Они сидели у Нелл, от чего Сюз терзалась угрызениями совести. Нелл заслужила свое счастье с хорошим человеком, а тут она, Сюз, влезла в их жизнь, как уродливая жаба из сказки, она портит им праздник.

— Послушай, сегодня Валентинов день. Я поеду домой.

— Только через мой труп! Как насчет рагу? Я быстренько.

— Давай. — Сюз побрела в гостиную, чтобы погладить Марлен. Просто поразительно, каким чудесным лекарством может быть собака, даже такая, как Марлен.
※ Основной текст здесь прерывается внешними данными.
text \<open>Removing from M a null set U that carries its whole singular part leaves a finite,
  absolutely continuous measure, to which the hypotheses on \<open>\<kappa>\<^sub>2\<close> apply.\<close>
lemma absolutely_continuous_off_null_set:
  assumes PM: "M \<in> Pmeas X" and U: "U \<in> null_sets (lebX X)"
    and off_U: "\<And>N. N \<in> null_sets (lebX X) \<Longrightarrow> emeasure M (N - U) = 0"
  shows "density M (indicator (X - U)) \<in> Mplus X"
    and "absolutely_continuous (lebX X) (density M (indicator (X - U)))"
proof -
  interpret prob_space M using Pmeas_D[OF PM] by blast
  have sM: "sets M = sets (borelX X)" and spM: "space M = X" using Pmeas_D[OF PM] by auto
  have UM: "U \<in> sets M" using U sets_lebX sM by (auto simp: null_sets_def)
  have XU: "X - U \<in> sets M" using UM spM by (metis sets.compl_sets)
  define \<nu> where "\<nu> = density M (indicator (X - U))"
  have s\<nu>: "sets \<nu> = sets (borelX X)" unfolding \<nu>_def using sM by simp
  have \<nu>_emeasure: "emeasure \<nu> N = emeasure M (N - U)" if N: "N \<in> sets M" for N
  proof -
    have "N \<subseteq> X" using sets.sets_into_space[OF N] spM by simp
    then have "emeasure \<nu> N = (\<integral>\<^sup>+x. indicator (N - U) x \<partial>M)"
      unfolding \<nu>_def using N XU
      by (simp add: emeasure_density) (intro nn_integral_cong, auto simp: indicator_def)
    then show ?thesis using N UM by simp
  qed
  have "finite_measure \<nu>"
  proof (rule finite_measureI)
    have "emeasure \<nu> (space \<nu>) = emeasure M (X - U)"
      using \<nu>_emeasure[of X] spM sets.top[of M] by (simp add: \<nu>_def)
    also have "\<dots> \<le> 1" by (rule emeasure_le_1)
    finally show "emeasure \<nu> (space \<nu>) \<noteq> \<infinity>" by (auto simp: top_unique)
  qed
  then show "density M (indicator (X - U)) \<in> Mplus X" using s\<nu> by (simp add: Mplus_def \<nu>_def)
  show "absolutely_continuous (lebX X) (density M (indicator (X - U)))"
    unfolding absolutely_continuous_def \<nu>_def[symmetric]
  proof
    fix N assume N: "N \<in> null_sets (lebX X)"
    then have NM: "N \<in> sets M" using sets_lebX sM by (auto simp: null_sets_def)
    then show "N \<in> null_sets \<nu>" using \<nu>_emeasure[OF NM] off_U[OF N] s\<nu> sM by (auto simp: null_sets_def)
  qed
qed

text \<open>Under the absolute continuity hypothesis on \<open>\<kappa>\<^sub>2\<close>, the collision term cannot
  charge a null set with more than the singular mass of its input: the part of M off the
  maximal null set U contributes nothing, the part on U at most \<open>M(U)\<close>.\<close>
lemma Fop_null_le_singular_mass:
  fixes X :: "'a::euclidean_space set"
  assumes Kk: "stoch_kernel X \<kappa>" and PM: "M \<in> Pmeas X"
    and H1: "\<forall>\<nu>\<in>Mplus X. absolutely_continuous (lebX X) \<nu> \<longrightarrow>
               (\<forall>x\<in>X. absolutely_continuous (lebX X) (kappa2 X \<kappa> \<nu> x))"
    and K: "K \<in> null_sets (lebX X)"
  shows "measure (Fop X \<kappa> M) K \<le> singular_mass X M"
proof -
  interpret prob_space M using Pmeas_D[OF PM] by blast
  have sM: "sets M = sets (borelX X)" and spM: "space M = X" using Pmeas_D[OF PM] by auto
  obtain U where U: "U \<in> null_sets (lebX X)" "\<And>N. N \<in> null_sets (lebX X) \<Longrightarrow> emeasure M (N - U) = 0"
    using maximal_null_set[OF finite_measure_axioms sM] by blast
  have UM: "U \<in> sets M" using U(1) sets_lebX sM by (auto simp: null_sets_def)
  have KB: "K \<in> sets (borelX X)" using K sets_lebX by (auto simp: null_sets_def)
  have XU: "X - U \<in> sets M" using UM spM by (metis sets.compl_sets)
  have "emeasure (Fop X \<kappa> M) K \<le> emeasure M U"
  proof (rule Fop_le_of_kappa2_le[OF Kk PM KB])
    fix x assume x: "x \<in> X"
    have M_density: "density M (\<lambda>_. 1) = M" by (simp add: density_1)
    have "emeasure (kappa2 X \<kappa> M x) K
        \<le> emeasure (kappa2 X \<kappa> (density M (indicator (X - U))) x) K
          + (\<integral>\<^sup>+y. 1 - indicator (X - U) y \<partial>M)"
      using kappa2_density_split[OF Kk sM x _ _ _ KB, of "\<lambda>_. 1" "indicator (X - U)"] XU
      unfolding M_density by (auto simp: indicator_def)
    also have "emeasure (kappa2 X \<kappa> (density M (indicator (X - U))) x) K = 0"
      using H1 absolutely_continuous_off_null_set[OF PM U] x K
      unfolding absolutely_continuous_def by auto
    also have "(\<integral>\<^sup>+y. 1 - indicator (X - U) y \<partial>M) = (\<integral>\<^sup>+y. indicator U y \<partial>M)"
      by (rule nn_integral_cong) (auto simp: spM indicator_def)
    finally show "emeasure (kappa2 X \<kappa> M x) K \<le> emeasure M U" using UM by simp
  qed
  moreover have "finite_measure (Fop X \<kappa> M)" using Fop_prob[OF Kk PM] by (simp add: prob_space_def)
  ultimately have "measure (Fop X \<kappa> M) K \<le> measure M U"
    by (simp add: finite_measure.emeasure_eq_measure emeasure_eq_measure)
  also have "\<dots> \<le> singular_mass X M" by (rule measure_le_singular_mass[OF finite_measure_axioms U(1)])
  finally show ?thesis .
qed
lemma adjoint_pointI: "nonconsec7 i j \<Longrightarrow> cross3 (L i) (L j) \<in> adjoint_points L"
  by (auto simp: adjoint_points_def meet_def)

lemma nonconsec7_cases:
  assumes "nonconsec7 i j"
  shows "j = (i + 2) mod 7 \<or> j = (i + 3) mod 7 \<or> i = (j + 2) mod 7 \<or> i = (j + 3) mod 7"
proof -
  have "n = 0 \<or> n = 1 \<or> n = 2 \<or> n = 3 \<or> n = 4 \<or> n = 5 \<or> n = 6" if "n < 7" for n :: nat
    using that by linarith
  then have "i = 0 \<or> i = 1 \<or> i = 2 \<or> i = 3 \<or> i = 4 \<or> i = 5 \<or> i = 6"
    "j = 0 \<or> j = 1 \<or> j = 2 \<or> j = 3 \<or> j = 4 \<or> j = 5 \<or> j = 6"
    using assms by (simp_all add: nonconsec7_def)
  then show ?thesis using assms by (elim disjE) (simp_all add: nonconsec7_def)
qed

lemma quartic_zero_if_vanishes_on_adjoint_points_and_line:
  assumes hept: "heptagon L"
    and adjoint: "\<And>q. q \<in> adjoint_points L \<Longrightarrow> quartic_eval Q q = 0"
    and line0: "vanishes_on_line (quartic_eval Q) (L 0)"
  shows "quartic_eval Q p = 0"
proof -
  let ?F = "quartic_eval Q"
  have next_line: "vanishes_on_line ?F (L i)"
    if sub: "set (i # xs) \<subseteq> {..<7}" and dist: "distinct (i # xs)" and len: "length xs = 5"
      and known: "list_all (\<lambda>a. nonconsec7 i a \<or> vanishes_on_line ?F (L a)) xs" for i xs
  proof (rule vanishes_on_line_if_zero_at_five_meets[where m = "\<lambda>k. L (xs ! k)"])
    have mem: "xs ! k \<in> set xs" if "k < 5" for k using that len by simp
    show "det3 (L i) (L (xs ! a)) (L (xs ! b)) \<noteq> 0" if "a < 5" "b < 5" "a \<noteq> b" for a b
    proof (rule heptagon_det3_nonzero[OF hept])
      show "i < 7" "xs ! a < 7" "xs ! b < 7" using sub mem that by auto
      show "distinct [i, xs ! a, xs ! b]"
        using dist mem that len by (auto simp: nth_eq_iff_index_eq)
    qed
    show "?F (cross3 (L i) (L (xs ! k))) = 0" if "k < 5" for k
      using bspec[OF known[unfolded list_all_iff] mem[OF that]]
    proof
      assume "nonconsec7 i (xs ! k)"
      then show ?thesis by (rule adjoint[OF adjoint_pointI])
    next
      assume "vanishes_on_line ?F (L (xs ! k))"
      then show ?thesis using on_line_cross3_right unfolding vanishes_on_line_def by blast
    qed
  qed
  have line1: "vanishes_on_line ?F (L 1)"
    by (rule next_line[of 1 "[0, 3, 4, 5, 6]"])
      (simp_all add: nonconsec7_def line0 flip: One_nat_def)
  have line2: "vanishes_on_line ?F (L 2)"
    by (rule next_line[of 2 "[0, 1, 4, 5, 6]"])
      (simp_all add: nonconsec7_def line0 line1 flip: One_nat_def)
  have line3: "vanishes_on_line ?F (L 3)"
    by (rule next_line[of 3 "[0, 1, 2, 5, 6]"])
      (simp_all add: nonconsec7_def line0 line1 line2 flip: One_nat_def)
  have line4: "vanishes_on_line ?F (L 4)"
    by (rule next_line[of 4 "[0, 1, 2, 3, 6]"])
      (simp_all add: nonconsec7_def line0 line1 line2 line3 flip: One_nat_def)
  show ?thesis
  proof (rule quartic_zero_if_vanishes_on_five_lines[where l = L])
    show "cross3 (L i) (L j) \<noteq> (0, 0, 0)" if "i < 5" "j < 5" "i \<noteq> j" for i j
      by (rule cross3_nonzero_if_det3_nonzero[OF heptagon_det3_nonzero[OF hept, of i j 5]])
        (use that in auto)
    show "vanishes_on_line ?F (L i)" if "i < 5" for i
      using that line0 line1 line2 line3 line4 by (auto simp: less_Suc_eq numeral_eq_Suc)
  qed
qed

lemma quartic_eval_origin: "quartic_eval Q (0, 0, 0) = 0"
  using quartic_eval_smult3[of Q 0 "(0, 0, 0)"] by (simp add: smult3_def)

lemma cross3_nonzero_if_quartic_separates:
  assumes "quartic_eval Q x \<noteq> 0" "quartic_eval Q y = 0" "y \<noteq> (0, 0, 0)"
  shows "cross3 x y \<noteq> (0, 0, 0)"
proof
  assume "cross3 x y = (0, 0, 0)"
  moreover have "x \<noteq> (0, 0, 0)" using assms(1) quartic_eval_origin by auto
  ultimately obtain c where "y = smult3 c x" using cross3_eq_zero_imp_smult3 by blast
  then show False using assms by (auto simp: quartic_eval_smult3 smult3_eq_zero_iff)
qed

lemma vanishes_on_line0_if_zero_at_extra_point:
  assumes hept: "heptagon L" and x: "on_line x (L 0)" "quartic_eval Q x \<noteq> 0"
    and Q: "\<And>r. r \<in> adjoint_points L \<Longrightarrow> quartic_eval Q r = 0"
    and H: "quartic_eval H x = 0" "\<And>r. r \<in> adjoint_points L \<Longrightarrow> quartic_eval H r = 0"
  shows "vanishes_on_line (quartic_eval H) (L 0)"
proof -
  define q where "q k = (if k = 0 then x else cross3 (L 0) (L (k + 1)))" for k
  have q_adjoint: "q k \<in> adjoint_points L" if "k < 5" "k \<noteq> 0" for k
    using that by (auto simp: q_def nonconsec7_def intro: adjoint_pointI)
  have q_nonzero: "q k \<noteq> (0, 0, 0)" if "k < 5" "k \<noteq> 0" for k
    using that heptagon_det3_nonzero[OF hept, of 0 "k + 1" 6]
    by (simp add: q_def cross3_nonzero_if_det3_nonzero)
  have x_separated: "cross3 x (q k) \<noteq> (0, 0, 0)" if "k < 5" "k \<noteq> 0" for k
    by (rule cross3_nonzero_if_quartic_separates[OF x(2) Q[OF q_adjoint] q_nonzero])
      (use that in simp_all)
  show ?thesis
  proof (rule vanishes_on_line_if_five_zeros[where q = q])
    show "L 0 \<noteq> (0, 0, 0)"
      using hept by (simp add: heptagon_def nz_def)
    show "on_line (q k) (L 0)" for k
      using x(1) by (simp add: q_def on_line_cross3_left)
    show "quartic_eval H (q k) = 0" if "k < 5" for k
      using H q_adjoint[OF that] by (cases "k = 0") (simp_all add: q_def)
    show "cross3 (q i) (q j) \<noteq> (0, 0, 0)" if "i < 5" "j < 5" "i \<noteq> j" for i j
    proof (cases "i = 0 \<or> j = 0")
      case True
      have "cross3 (q j) (q i) = smult3 (-1) (cross3 (q i) (q j))" by (rule cross3_commute)
      then show ?thesis
        using True that x_separated[of i] x_separated[of j] by (auto simp: q_def smult3_eq_zero_iff)
    next
      case False
      then show ?thesis
        using that heptagon_det3_nonzero[OF hept, of 0 "i + 1" "j + 1"] hept
        by (auto simp: q_def cross3_cross3_common_left smult3_eq_zero_iff heptagon_def nz_def)
    qed
  qed
qed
Сюз остановилась у шкафа с фарфором и полюбовалась сервизом Клариссы. Печальный домик на холме, печальный дымок из трубы… Сюз перевела взгляд на посуду Сузи. Приветливый домик под оранжевой крышей в крошечном квадратике. Мило, аккуратно… Невыносимо. «Может, я не права? — подумала Сюз. — Может, не стоит втискивать жизнь в заранее установленные рамки? Муж изменяет, значит, надо с ним разводиться. А может, не надо? Это придуманная жизнь. Красивая и беспечная. А настоящая неприглядна. Суматошна. Полна сомнений и сожалений.

Не позвонить ли Джеку? Не поговорить ли с ним по душам? Наедине. Без адвокатов.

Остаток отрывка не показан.